*** Opening Supplied data ***
(* Let $(V_0,\dots,V_d)$ be a partition of $V$, $\mathbf x\in\mathbb R^V$, and $\Delta=(\Delta(0),\dots,\Delta(d))\in\mathbb R^{d+1}$. Let $\tilde{\mathbf x}$ be obtained from $\mathbf x$ by adding $\Delta(i)$ to the potential of every vertex in $V_i$. Then $$\mathcal B(\tilde{\mathbf x})-\mathcal B(\mathbf x)=\mathbf b_H^\top\Delta-\tfrac12\Delta^\top\mathbf L_H\Delta,$$ where $H$ is the contracted graph with vertices $V_0,\dots,V_d$ and resistances $r(V_k,V_l)=\big(\sum_{ij\in\delta(V_k,V_l)}\frac1{r(i,j)}\big)^{-1}$, $\mathbf L_H$ is the Laplacian of $H$, and $b_H(k)=b(V_k)-f(V_k)$ for $k=0,\dots,d$. In particular, the $\Delta$ maximizing $\mathcal B(\tilde{\mathbf x})-\mathcal B(\mathbf x)$ is given by a solution of $\mathbf L_H\Delta=\mathbf b_H$.
   Context: $G=(V,E)$ is an undirected graph with resistances $r(e)>0$ and a fixed orientation $\vec E$; $\mathbf b\in\mathbb R^V$ with $\sum_ib(i)=0$. $\mathbf L=\sum_{ij\in E}\frac1{r(i,j)}(\mathbf e_i-\mathbf e_j)(\mathbf e_i-\mathbf e_j)^\top$ and $\mathcal B(\mathbf x)=\mathbf b^\top\mathbf x-\frac12\mathbf x^\top\mathbf L\mathbf x$. For $U\subset V$, $b(U)=\sum_{v\in U}b(v)$ and $f(U)=\sum_{ij\in E,\,i\in U,\,j\notin U}\frac{x(i)-x(j)}{r(i,j)}$ is the flow leaving $U$ in the potential-induced flow of $\mathbf x$; $\delta(V_k,V_l)$ is the set of edges with one endpoint in $V_k$ and the other in $V_l$. The Laplacian of a graph with resistances $r_H$ is $\sum_{kl}\frac1{r_H(k,l)}(\mathbf e_k-\mathbf e_l)(\mathbf e_k-\mathbf e_l)^\top$. *)

theory Defs
  imports Complex_Main
begin

definition lap :: "('v \<times> 'v) set \<Rightarrow> ('v \<times> 'v \<Rightarrow> real) \<Rightarrow> 'v \<Rightarrow> 'v \<Rightarrow> real" where
  "lap E r u w = (\<Sum>(i,j)\<in>E. (1 / r (i,j)) *
      ((if u = i then 1 else 0) - (if u = j then 1 else 0)) *
      ((if w = i then 1 else 0) - (if w = j then 1 else 0)))"

definition energyB :: "'v set \<Rightarrow> ('v \<times> 'v) set \<Rightarrow> ('v \<times> 'v \<Rightarrow> real) \<Rightarrow> ('v \<Rightarrow> real)
    \<Rightarrow> ('v \<Rightarrow> real) \<Rightarrow> real" where
  "energyB V E r b x = (\<Sum>v\<in>V. b v * x v)
      - 1/2 * (\<Sum>u\<in>V. \<Sum>w\<in>V. x u * lap E r u w * x w)"

text \<open>Flow leaving U in the potential-induced flow of x (each undirected edge with exactly one
  endpoint in U counted once, oriented away from U).\<close>
definition flow_out :: "('v \<times> 'v) set \<Rightarrow> ('v \<times> 'v \<Rightarrow> real) \<Rightarrow> ('v \<Rightarrow> real) \<Rightarrow> 'v set \<Rightarrow> real" where
  "flow_out E r x U = (\<Sum>(i,j)\<in>E.
      (if i \<in> U \<and> j \<notin> U then (x i - x j) / r (i,j)
       else if j \<in> U \<and> i \<notin> U then (x j - x i) / r (i,j) else 0))"

definition cut_edges :: "('v \<times> 'v) set \<Rightarrow> 'v set \<Rightarrow> 'v set \<Rightarrow> ('v \<times> 'v) set" where
  "cut_edges E A B = {(i,j)\<in>E. (i \<in> A \<and> j \<in> B) \<or> (i \<in> B \<and> j \<in> A)}"

definition resH :: "('v \<times> 'v) set \<Rightarrow> ('v \<times> 'v \<Rightarrow> real) \<Rightarrow> (nat \<Rightarrow> 'v set) \<Rightarrow> nat \<Rightarrow> nat \<Rightarrow> real" where
  "resH E r P k l = inverse (\<Sum>e\<in>cut_edges E (P k) (P l). 1 / r e)"

text \<open>Laplacian of H: sum over unordered pairs k<l of vertices of H. Pairs with no connecting
  edge have resH = inverse 0 = 0, hence contribute 0 (they are not edges of H).\<close>
definition lapH :: "('v \<times> 'v) set \<Rightarrow> ('v \<times> 'v \<Rightarrow> real) \<Rightarrow> (nat \<Rightarrow> 'v set) \<Rightarrow> nat \<Rightarrow> nat \<Rightarrow> nat \<Rightarrow> real" where
  "lapH E r P d a c = (\<Sum>(k,l)\<in>{(k,l). k < l \<and> l \<le> d}. (1 / resH E r P k l) *
      ((if a = k then 1 else 0) - (if a = l then 1 else 0)) *
      ((if c = k then 1 else 0) - (if c = l then 1 else 0)))"

definition bH :: "('v \<times> 'v) set \<Rightarrow> ('v \<times> 'v \<Rightarrow> real) \<Rightarrow> ('v \<Rightarrow> real) \<Rightarrow> ('v \<Rightarrow> real)
    \<Rightarrow> (nat \<Rightarrow> 'v set) \<Rightarrow> nat \<Rightarrow> real" where
  "bH E r b x P k = (\<Sum>v\<in>P k. b v) - flow_out E r x (P k)"

definition shift :: "(nat \<Rightarrow> 'v set) \<Rightarrow> nat \<Rightarrow> ('v \<Rightarrow> real) \<Rightarrow> (nat \<Rightarrow> real) \<Rightarrow> 'v \<Rightarrow> real" where
  "shift P d x \<Delta> v = x v + (\<Sum>k\<le>d. if v \<in> P k then \<Delta> k else 0)"

end

theory Submission
  imports Defs
begin

text \<open>Let \<open>\<delta>\<close> be the potential equal to \<open>\<Delta>(k)\<close> on \<open>V\<^sub>k\<close>, so that the shifted potential is
  \<open>x + \<delta>\<close> and \<open>B(x + \<delta>) - B(x) = b\<^sup>T\<delta> - x\<^sup>TL\<delta> - \<delta>\<^sup>TL\<delta> / 2\<close>. The first term is
  \<open>\<Sum>\<^sub>k b(V\<^sub>k) \<Delta>(k)\<close>, and the second is \<open>\<Sum>\<^sub>k f(V\<^sub>k) \<Delta>(k)\<close> because \<open>x\<^sup>TL\<chi>\<^sub>U = f(U)\<close> for the
  indicator \<open>\<chi>\<^sub>U\<close> of any vertex set \<open>U\<close>. In \<open>\<delta>\<^sup>TL\<delta> = \<Sum>\<^sub>i\<^sub>j (\<delta>(i) - \<delta>(j))\<^sup>2 / r(i,j)\<close> the edges
  inside a part vanish and the edges between \<open>V\<^sub>k\<close> and \<open>V\<^sub>l\<close> add up to
  \<open>(\<Delta>(k) - \<Delta>(l))\<^sup>2 / r(V\<^sub>k,V\<^sub>l)\<close>, so \<open>\<delta>\<^sup>TL\<delta> = \<Delta>\<^sup>TL\<^sub>H\<Delta>\<close>. The gain is thus a concave quadratic
  in \<open>\<Delta>\<close>, maximal exactly where its gradient \<open>b\<^sub>H - L\<^sub>H\<Delta>\<close> vanishes.\<close>

definition edge_form :: "('v \<times> 'v) set \<Rightarrow> ('v \<times> 'v \<Rightarrow> real) \<Rightarrow> ('v \<Rightarrow> real) \<Rightarrow> ('v \<Rightarrow> real) \<Rightarrow> real" where
  "edge_form S r y z = (\<Sum>(i,j)\<in>S. (y i - y j) * (z i - z j) / r (i,j))"

lemma edge_form_sym: "edge_form S r y z = edge_form S r z y"
  unfolding edge_form_def by (simp add: mult.commute)

lemma edge_form_add_right:
  "edge_form S r y (\<lambda>v. z v + w v) = edge_form S r y z + edge_form S r y w"
  unfolding edge_form_def
  by (simp add: sum.distrib[symmetric] case_prod_beta add_divide_distrib[symmetric] algebra_simps)

lemma edge_form_add_left:
  "edge_form S r (\<lambda>v. y v + z v) w = edge_form S r y w + edge_form S r z w"
  using edge_form_add_right edge_form_sym by metis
*** Closing Supplied data ***
_Task to carry out_. The answer should consist of every line from the listing above that includes the word "else".

_Task output_.
      ((if u = i then 1 else 0) - (if u = j then 1 else 0)) *
      ((if w = i then 1 else 0) - (if w = j then 1 else 0)))"
       else if j \<in> U \<and> i \<notin> U then (x j - x i) / r (i,j) else 0))"
      ((if a = k then 1 else 0) - (if a = l then 1 else 0)) *
      ((if c = k then 1 else 0) - (if c = l then 1 else 0)))"
  "shift P d x \<Delta> v = x v + (\<Sum>k\<le>d. if v \<in> P k then \<Delta> k else 0)"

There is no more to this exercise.